● **What the task requires**
Give again, exactly as written, each line of the material below starting at the line that contains "Suc i = vs !" and ending at the line that contains "mod ?k) \<in>". Both ends count, and no other line does.
═════ Extracted records
lemma far_point_branch_signs:
  fixes mu :: "nat \<Rightarrow> real \<Rightarrow> real" and e B :: real
  assumes Lp: "L p \<in> carrier_mat N N"
    and br: "\<And>x. real_eigenvalue_listing N (pencil N p L (complex_of_real x)) (\<lambda>i. mu i x)"
    and p: "odd p" and e: "e = 1 \<or> e = -1"
  shows "\<exists>l x. real_eigenvalue_listing N (L p) l \<and> B \<le> e * x \<and>
           (\<forall>i<N. l i \<noteq> 0 \<longrightarrow> sgn (mu i x) = e * sgn (l i))"
proof -
  define c where "c = max B 1"
  define \<sigma> where "\<sigma> k = e / (c + real k)" for k
  have c: "1 \<le> c" "B \<le> c" unfolding c_def by auto
  have \<sigma>: "\<And>k. \<sigma> k \<noteq> 0" "\<And>k. \<bar>\<sigma> k\<bar> \<le> 1"
    using e c unfolding \<sigma>_def by (auto simp: abs_div)
  have "filterlim (\<lambda>k. c + real k) at_infinity sequentially"
    by (rule filterlim_at_top_imp_at_infinity)
      (rule filterlim_tendsto_add_at_top[OF tendsto_const filterlim_real_sequentially])
  then have "\<sigma> \<longlonglongrightarrow> 0" unfolding \<sigma>_def by (rule tendsto_divide_0[OF tendsto_const])
  then obtain r l where r: "strict_mono r" and l: "real_eigenvalue_listing N (L p) l"
    and lim: "\<forall>i<N. (\<lambda>k. \<sigma> (r k) ^ p * mu i (1 / \<sigma> (r k))) \<longlonglongrightarrow> l i"
    using scaled_branches_converge[OF Lp br, of \<sigma>] \<sigma> by blast
  have "\<forall>\<^sub>F k in sequentially. \<forall>i\<in>{i. i < N \<and> l i \<noteq> 0}.
      sgn (\<sigma> (r k) ^ p * mu i (1 / \<sigma> (r k))) = sgn (l i)"
    using lim by (intro eventually_ball_finite) (auto intro: eventually_sgn_eq_tendsto)
  then obtain K where K: "\<forall>i. i < N \<and> l i \<noteq> 0 \<longrightarrow> sgn (\<sigma> (r K) ^ p * mu i (1 / \<sigma> (r K))) = sgn (l i)"
    unfolding eventually_sequentially by auto
  define x where "x = 1 / \<sigma> (r K)"
  have ee: "e * e = 1" using e by auto
  then have x: "e * x = c + real (r K)" unfolding x_def \<sigma>_def using e by auto
  have "0 < c + real (r K)" using c by linarith
  then have "sgn (\<sigma> (r K)) = e" using e unfolding \<sigma>_def by (auto simp: sgn_if)
  then have sgn_scale: "sgn (\<sigma> (r K) ^ p) = e" using e p by auto
  have "\<forall>i<N. l i \<noteq> 0 \<longrightarrow> sgn (mu i x) = e * sgn (l i)"
  proof (intro allI impI)
    fix i assume "i < N" "l i \<noteq> 0"
    with K sgn_scale have "e * sgn (mu i x) = sgn (l i)"
      unfolding x_def by (simp add: sgn_mult)
    then have "e * (e * sgn (mu i x)) = e * sgn (l i)" by simp
    then show "sgn (mu i x) = e * sgn (l i)" using ee by (simp add: mult.assoc[symmetric])
  qed
  moreover have "B \<le> e * x" using x c by simp
  ultimately show ?thesis using l by blast
qed
lemma potential_superharmonic:
  assumes n: "5 \<le> n" and s: "s \<le> sqrt n - 1"
  shows "potential (Suc n) (s + 1) + potential (Suc n) (s - 1) \<le> 2 * potential n s"
proof -
  define r where "r = sqrt (Suc n)"
  define A d where "A = 9/8 - s / r" and "d = 1 / r"
  define Q where "Q = 4 * A - d^2 / A"
  have "0 < r" by (simp add: r_def)
  then have "0 < d" by (simp add: d_def)
  have "sqrt n \<le> r" by (simp add: r_def)
  with s have "s + 1 \<le> r" by linarith
  with \<open>0 < r\<close> have "d < A" by (simp add: A_def d_def field_simps)
  have "d^2 / A \<le> A" using \<open>0 < d\<close> \<open>d < A\<close> by (simp add: divide_le_eq power2_eq_square mult_mono)
  then have "0 \<le> Q" using \<open>0 < d\<close> \<open>d < A\<close> by (simp add: Q_def)
  have "potential (Suc n) (s + 1) + potential (Suc n) (s - 1)
      = sqrt (root 8 (Suc n)) * (sqrt (A - d) + sqrt (A + d))"
  proof -
    have up: "9/8 - (s + 1) / r = A - d" and down: "9/8 - (s - 1) / r = A + d"
      by (simp_all add: A_def d_def add_divide_distrib diff_divide_distrib)
    show ?thesis
      unfolding potential_def r_def[symmetric] up down real_sqrt_mult by (rule distrib_left[symmetric])
  qed
  also have "\<dots> \<le> sqrt (root 8 (Suc n)) * sqrt Q"
    unfolding Q_def using sqrt_add_sqrt_le[OF \<open>0 < d\<close> \<open>d < A\<close>] by (simp add: mult_left_mono)
  also have "\<dots> \<le> sqrt (root 8 n * ((1 + 1 / (8 * n)) * Q))"
  proof -
    have "root 8 (Suc n) \<le> root 8 n * (1 + 1 / (8 * n))"
      using root_8_add_one_le[of n] n by (simp add: add.commute)
    then have "root 8 (Suc n) * Q \<le> root 8 n * ((1 + 1 / (8 * n)) * Q)"
      using \<open>0 \<le> Q\<close> by (metis mult.assoc mult_right_mono)
    then show ?thesis by (simp add: real_sqrt_mult[symmetric])
  qed
  also have "\<dots> \<le> sqrt (root 8 n * (4 * (9/8 - s / sqrt n)))"
    using superharmonic_reduced[of n s A] n s \<open>0 < d\<close>
    by (simp add: Q_def A_def d_def r_def power_divide mult_left_mono add.commute)
  also have "\<dots> = sqrt 4 * potential n s"
    unfolding potential_def real_sqrt_mult[symmetric] by (simp only: mult.left_commute)
  also have "\<dots> = 2 * potential n s" by simp
  finally show ?thesis .
qed
(* Let $A\in\mathbb{R}^{n\times n}$ be arbitrary. Then for almost every $T>0$ (that is, for all $T>0$ outside a set of Lebesgue measure zero), the finite-time controllability scoring problem (FTCSP) $$\text{minimize } h_T(p) \quad \text{subject to } p\in X_T\cap\Delta$$ admits a unique optimal solution, both in the case $h_T=f_T$ (the solution being called the VCS) and in the case $h_T=g_T$ (the solution being called the AECS).
   Context: For $T>0$ and $i=1,\dots,n$ let $e_i$ be the $i$-th standard basis vector of $\mathbb{R}^n$ and $W_i(T):=\int_0^T e^{At}e_ie_i^\top e^{A^\top t}\,dt$. For $p=(p_i)\in\mathbb{R}^n$ put $W(p,T):=\sum_{i=1}^n p_iW_i(T)$. Define $X_T:=\{p\in\mathbb{R}^n : W(p,T)\succ 0\}$ (positive definite) and the standard simplex $\Delta:=\{p\in\mathbb{R}^n:\sum_i p_i=1,\ p_i\ge 0\ \forall i\}$. On $X_T$ define $f_T(p):=-\log\det W(p,T)$ and $g_T(p):=\operatorname{tr}(W(p,T)^{-1})$. *)

theory Defs
  imports "HOL-Analysis.Analysis"
begin

primrec mpow :: "real^'n^'n \<Rightarrow> nat \<Rightarrow> real^'n^'n" where
  "mpow M 0 = mat 1"
| "mpow M (Suc k) = M ** mpow M k"

definition mexp :: "real \<Rightarrow> real^'n^'n \<Rightarrow> real^'n^'n" where
  "mexp t A = (\<Sum>k. ((t ^ k) / fact k) *\<^sub>R mpow A k)"

definition ebasis :: "'n::finite \<Rightarrow> real^'n" where
  "ebasis i = axis i 1"

definition outer :: "real^'n \<Rightarrow> real^'n \<Rightarrow> real^'n^'n" where
  "outer u v = (\<chi> a b. u $ a * v $ b)"

definition Wi :: "real^'n^'n \<Rightarrow> 'n::finite \<Rightarrow> real \<Rightarrow> real^'n^'n" where
  "Wi A i T = integral {0..T}
     (\<lambda>t. mexp t A ** outer (ebasis i) (ebasis i) ** mexp t (transpose A))"
theorem mainTheorem2:
  fixes A B :: "'a::comm_ring_1 poly" and n k :: nat
  assumes "n = 2 ^ k"
    and "degree A = n - 1" and "degree B = n - 1"
  shows "A * B = geom n * (A \<odot> B)
    - (\<Sum>m = 1..n - 1. div_xpow (geom (2 ^ floor_log m) * U_poly n m A * U_poly n m B) m)"
proof -
  have "degree A < 2 ^ k" "degree B < 2 ^ k" using assms by auto
  from mult_eq_geom_termwise_minus_corrections[OF this] show ?thesis
    unfolding correction_def assms(1) .
qed

end
(* Let $H=(V,E)$ be a hypergraph with at least $3$ edges and let $L=\mathcal L(H)$ be its intersection graph. (1) If $H$ is eulerian, then $L$ has a Hamilton cycle. (2) If $H$ is quasi-eulerian, then $L$ has a spanning subgraph each of whose connected components is $1$-regular or $2$-regular. (3) If $H$ has an Euler family containing no closed strict trail of length less than $3$, then $L$ has a $2$-factor.
   Context: A hypergraph $H=(V,E)$ consists of a finite nonempty vertex set $V$, a finite edge set $E$ disjoint from $V$, and an incidence function assigning to each edge $e\in E$ a subset of $V$ (also denoted $e$); distinct edges may have the same vertex set. Hypergraphs are assumed to have no empty edges. A walk of length $k$ is a sequence $W=v_0e_1v_1e_2\cdots e_kv_k$ with $v_i\in V$, $e_i\in E$, such that for each $i$, $v_{i-1}\ne v_i$ and $v_{i-1},v_i\in e_i$; the $v_i$ are its anchors. $W$ is closed if $k\ge 2$ and $v_0=v_k$; it is a strict trail if $e_1,\dots,e_k$ are pairwise distinct. An Euler tour of $H$ is a closed strict trail traversing every edge of $H$; an Euler family of $H$ is a family of closed strict trails such that every edge of $H$ lies in exactly one trail and no two trails have a common anchor. $H$ is eulerian (quasi-eulerian) if it has an Euler tour (Euler family). The intersection graph $\mathcal L(H)$ is the simple graph with vertex set $E$ in which distinct $e,e'$ are adjacent iff $e\cap e'\ne\emptyset$. *)

theory Defs
  imports Main
begin

text \<open>A hypergraph: vertex set V, edge set E (edges of a separate type, hence disjoint
from V), incidence function inc; finite, V nonempty, no empty edges.\<close>
definition hypergraph :: "'v set \<Rightarrow> 'e set \<Rightarrow> ('e \<Rightarrow> 'v set) \<Rightarrow> bool" where
  "hypergraph V E inc \<longleftrightarrow> finite V \<and> V \<noteq> {} \<and> finite E \<and>
     (\<forall>e\<in>E. inc e \<subseteq> V \<and> inc e \<noteq> {})"

text \<open>A walk v0 e1 v1 ... ek vk is represented by the anchor list vs = [v0,...,vk]
and the edge list es = [e1,...,ek]; its length is length es.\<close>
definition hwalk :: "'v set \<Rightarrow> 'e set \<Rightarrow> ('e \<Rightarrow> 'v set) \<Rightarrow> 'v list \<Rightarrow> 'e list \<Rightarrow> bool" where
  "hwalk V E inc vs es \<longleftrightarrow> length vs = length es + 1 \<and> set vs \<subseteq> V \<and>
     (\<forall>i < length es. es ! i \<in> E \<and> vs ! i \<noteq> vs ! (Suc i) \<and>
        vs ! i \<in> inc (es ! i) \<and> vs ! (Suc i) \<in> inc (es ! i))"

definition closed_strict_trail :: "'v set \<Rightarrow> 'e set \<Rightarrow> ('e \<Rightarrow> 'v set) \<Rightarrow> 'v list \<Rightarrow> 'e list \<Rightarrow> bool" where
  "closed_strict_trail V E inc vs es \<longleftrightarrow> hwalk V E inc vs es \<and> length es \<ge> 2 \<and>
     hd vs = last vs \<and> distinct es"

definition euler_tour :: "'v set \<Rightarrow> 'e set \<Rightarrow> ('e \<Rightarrow> 'v set) \<Rightarrow> 'v list \<Rightarrow> 'e list \<Rightarrow> bool" where
  "euler_tour V E inc vs es \<longleftrightarrow> closed_strict_trail V E inc vs es \<and> set es = E"

definition eulerian :: "'v set \<Rightarrow> 'e set \<Rightarrow> ('e \<Rightarrow> 'v set) \<Rightarrow> bool" where
  "eulerian V E inc \<longleftrightarrow> (\<exists>vs es. euler_tour V E inc vs es)"

definition euler_family :: "'v set \<Rightarrow> 'e set \<Rightarrow> ('e \<Rightarrow> 'v set) \<Rightarrow> ('v list \<times> 'e list) set \<Rightarrow> bool" where
  "euler_family V E inc F \<longleftrightarrow>
     (\<forall>T\<in>F. closed_strict_trail V E inc (fst T) (snd T)) \<and>
     (\<forall>e\<in>E. \<exists>!T. T \<in> F \<and> e \<in> set (snd T)) \<and>
     (\<forall>T\<in>F. \<forall>T'\<in>F. T \<noteq> T' \<longrightarrow> set (fst T) \<inter> set (fst T') = {})"

definition quasi_eulerian :: "'v set \<Rightarrow> 'e set \<Rightarrow> ('e \<Rightarrow> 'v set) \<Rightarrow> bool" where
  "quasi_eulerian V E inc \<longleftrightarrow> (\<exists>F. euler_family V E inc F)"

text \<open>Intersection graph: vertex set E, adjacency relation.\<close>
definition inter_adj :: "('e \<Rightarrow> 'v set) \<Rightarrow> 'e \<Rightarrow> 'e \<Rightarrow> bool" where
  "inter_adj inc e e' \<longleftrightarrow> e \<noteq> e' \<and> inc e \<inter> inc e' \<noteq> {}"

text \<open>Simple graphs are given by a vertex set S and a symmetric irreflexive adjacency A.\<close>
definition hamilton_cycle :: "'a set \<Rightarrow> ('a \<Rightarrow> 'a \<Rightarrow> bool) \<Rightarrow> 'a list \<Rightarrow> bool" where
  "hamilton_cycle S A cs \<longleftrightarrow> length cs \<ge> 3 \<and> distinct cs \<and> set cs = S \<and>
     (\<forall>i. Suc i < length cs \<longrightarrow> A (cs ! i) (cs ! Suc i)) \<and> A (last cs) (hd cs)"

definition spanning_subgraph :: "'a set \<Rightarrow> ('a \<Rightarrow> 'a \<Rightarrow> bool) \<Rightarrow> ('a \<Rightarrow> 'a \<Rightarrow> bool) \<Rightarrow> bool" where
  "spanning_subgraph S A F \<longleftrightarrow>
     (\<forall>x y. F x y \<longrightarrow> x \<in> S \<and> y \<in> S \<and> A x y) \<and> (\<forall>x y. F x y \<longrightarrow> F y x)"

definition deg :: "'a set \<Rightarrow> ('a \<Rightarrow> 'a \<Rightarrow> bool) \<Rightarrow> 'a \<Rightarrow> nat" where
  "deg S F x = card {y \<in> S. F x y}"

definition components_1_or_2_regular :: "'a set \<Rightarrow> ('a \<Rightarrow> 'a \<Rightarrow> bool) \<Rightarrow> bool" where
  "components_1_or_2_regular S F \<longleftrightarrow>
     (\<forall>x\<in>S. (\<forall>y. F\<^sup>*\<^sup>* x y \<longrightarrow> deg S F y = 1) \<or> (\<forall>y. F\<^sup>*\<^sup>* x y \<longrightarrow> deg S F y = 2))"

definition two_factor :: "'a set \<Rightarrow> ('a \<Rightarrow> 'a \<Rightarrow> bool) \<Rightarrow> ('a \<Rightarrow> 'a \<Rightarrow> bool) \<Rightarrow> bool" where
  "two_factor S A F \<longleftrightarrow> spanning_subgraph S A F \<and> (\<forall>x\<in>S. deg S F x = 2)"

end

theory Submission
  imports Defs
begin

text \<open>Consecutive edges of a closed strict trail share an anchor, and so do its last and first
edge because the trail is closed; all of them are distinct. Hence the edge sequence of an Euler tour
is a Hamilton cycle of the intersection graph. For an Euler family, join the cyclically consecutive
edges of each trail: since every edge lies in exactly one trail, a trail of length \<open>k\<close> becomes a
component of this subgraph that is a single edge if \<open>k = 2\<close> and a \<open>k\<close>-cycle if \<open>k \<ge> 3\<close>.\<close>

lemma eq_Suc_mod_iff:
  fixes i j k :: nat
  assumes "i < k" "j < k"
  shows "i = Suc j mod k \<longleftrightarrow> j = (if i = 0 then k - 1 else i - 1)"
  using assms by (cases "Suc j < k") (auto simp: mod_Suc)

lemma Suc_mod_eq_pred_iff:
  fixes i k :: nat
  assumes "i < k" "2 \<le> k"
  shows "Suc i mod k = (if i = 0 then k - 1 else i - 1) \<longleftrightarrow> k = 2"
  using assms by (cases "Suc i < k") (auto simp: mod_Suc)

lemma Suc_mod_neq:
  fixes i k :: nat
  assumes "i < k" "2 \<le> k"
  shows "Suc i mod k \<noteq> i"
  using assms by (cases "Suc i = k") auto

lemma mod_less_bound:
  fixes i j k :: nat
  shows "i < k \<Longrightarrow> j mod k < k"
  by simp

definition cyclic_adj :: "'a list \<Rightarrow> 'a \<Rightarrow> 'a \<Rightarrow> bool" where
  "cyclic_adj xs x y \<longleftrightarrow> (\<exists>i<length xs.
     (x = xs ! i \<and> y = xs ! (Suc i mod length xs)) \<or> (y = xs ! i \<and> x = xs ! (Suc i mod length xs)))"

lemma cyclic_adj_commute: "cyclic_adj xs x y \<longleftrightarrow> cyclic_adj xs y x"
  unfolding cyclic_adj_def by blast

lemma cyclic_adj_in_set: "cyclic_adj xs x y \<Longrightarrow> x \<in> set xs \<and> y \<in> set xs"
  unfolding cyclic_adj_def by (metis mod_less_bound nth_mem)

lemma cyclic_adj_nth_iff:
  assumes "distinct xs" "i < length xs" "j < length xs"
  shows "cyclic_adj xs (xs ! i) (xs ! j) \<longleftrightarrow>
    j = Suc i mod length xs \<or> i = Suc j mod length xs"
proof -
  have "xs ! a = xs ! b \<longleftrightarrow> a = b" if "a < length xs" "b < length xs" for a b
    using assms(1) that by (simp add: nth_eq_iff_index_eq)
  moreover have "Suc a mod length xs < length xs" for a
    using assms(2) by (rule mod_less_bound)
  ultimately show ?thesis
    unfolding cyclic_adj_def using assms(2,3) by metis
qed

lemma card_cyclic_adj:
  assumes "distinct xs" "length xs \<ge> 2" "x \<in> set xs"
  shows "card {y. cyclic_adj xs x y} = (if length xs = 2 then 1 else 2)"
proof -
  let ?k = "length xs"
  obtain i where i: "i < ?k" "x = xs ! i" using assms(3) by (auto simp: in_set_conv_nth)
  define succ where "succ = Suc i mod ?k"
  define pred where "pred = (if i = 0 then ?k - 1 else i - 1)"
  have idx: "succ < ?k" "pred < ?k"
    using i(1) mod_less_bound[OF i(1)] unfolding succ_def pred_def by auto
  have "{y. cyclic_adj xs x y} = (\<lambda>j. xs ! j) ` {j. j < ?k \<and> cyclic_adj xs x (xs ! j)}"
    by (auto simp: image_iff) (metis cyclic_adj_in_set in_set_conv_nth)
  also have "{j. j < ?k \<and> cyclic_adj xs x (xs ! j)} = {succ, pred}"
    using cyclic_adj_nth_iff[OF assms(1) i(1)] eq_Suc_mod_iff[OF i(1)] idx i(2)
    unfolding succ_def pred_def by auto
  finally have "{y. cyclic_adj xs x y} = {xs ! succ, xs ! pred}"
    by simp
  moreover have "xs ! succ = xs ! pred \<longleftrightarrow> ?k = 2"
    using Suc_mod_eq_pred_iff[OF i(1) assms(2)] assms(1) idx
    unfolding succ_def pred_def by (simp add: nth_eq_iff_index_eq)
  ultimately show ?thesis
    by auto
qed

lemma hamilton_cycle_of_cyclic_adj:
  assumes "distinct xs" "length xs \<ge> 3" "\<And>x y. cyclic_adj xs x y \<Longrightarrow> A x y"
  shows "hamilton_cycle (set xs) A xs"
  unfolding hamilton_cycle_def
proof (intro conjI allI impI)
  fix i assume "Suc i < length xs"
  then show "A (xs ! i) (xs ! Suc i)"
    using assms(3) unfolding cyclic_adj_def by (metis Suc_lessD mod_less)
next
  let ?l = "length xs - 1"
  have "?l < length xs" "Suc ?l = length xs"
    using assms(2) by linarith+
  then have "?l < length xs" "Suc ?l mod length xs = 0"
    by simp_all
  then have "A (xs ! ?l) (xs ! 0)" using assms(3) unfolding cyclic_adj_def by metis
  moreover have "xs \<noteq> []" using assms(2) by auto
  ultimately show "A (last xs) (hd xs)" by (simp add: last_conv_nth hd_conv_nth)
qed (use assms in auto)

lemma closed_strict_trail_edges: "closed_strict_trail V E inc vs es \<Longrightarrow> set es \<subseteq> E"
  unfolding closed_strict_trail_def hwalk_def by (auto simp: in_set_conv_nth)

lemma closed_strict_trail_consecutive_adj:
  assumes "closed_strict_trail V E inc vs es" "i < length es"
  shows "inter_adj inc (es ! i) (es ! (Suc i mod length es))"
proof -
  let ?k = "length es"
  have w: "hwalk V E inc vs es" and k: "?k \<ge> 2" and closed: "hd vs = last vs"
    and d: "distinct es"
    using assms(1) unfolding closed_strict_trail_def by auto
  have lv: "length vs = Suc ?k" using w unfolding hwalk_def by simp
  have "vs ! Suc i = vs ! (Suc i mod ?k)"
  proof (cases "Suc i < ?k")
    case False
    then have "Suc i = ?k" using assms(2) by simp
    then show ?thesis
      using closed lv by (metis hd_conv_nth last_conv_nth Zero_not_Suc diff_Suc_1 list.size(3) mod_self)
  qed simp
  moreover have "vs ! Suc i \<in> inc (es ! i)"
    using w assms(2) unfolding hwalk_def by blast
  moreover have "vs ! (Suc i mod ?k) \<in> inc (es ! (Suc i mod ?k))"
    using w mod_less_bound[OF assms(2)] unfolding hwalk_def by blast
  ultimately have "vs ! Suc i \<in> inc (es ! i) \<inter> inc (es ! (Suc i mod ?k))"
    by simp
  moreover have "es ! i \<noteq> es ! (Suc i mod ?k)"
    using d assms(2) mod_less_bound[OF assms(2)] Suc_mod_neq[OF assms(2) k]
    by (simp add: nth_eq_iff_index_eq)
  ultimately show ?thesis unfolding inter_adj_def by blast
qed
══════════
● **The answer**
  have "vs ! Suc i = vs ! (Suc i mod ?k)"
  proof (cases "Suc i < ?k")
    case False
    then have "Suc i = ?k" using assms(2) by simp
    then show ?thesis
      using closed lv by (metis hd_conv_nth last_conv_nth Zero_not_Suc diff_Suc_1 list.size(3) mod_self)
  qed simp
  moreover have "vs ! Suc i \<in> inc (es ! i)"
    using w assms(2) unfolding hwalk_def by blast
  moreover have "vs ! (Suc i mod ?k) \<in> inc (es ! (Suc i mod ?k))"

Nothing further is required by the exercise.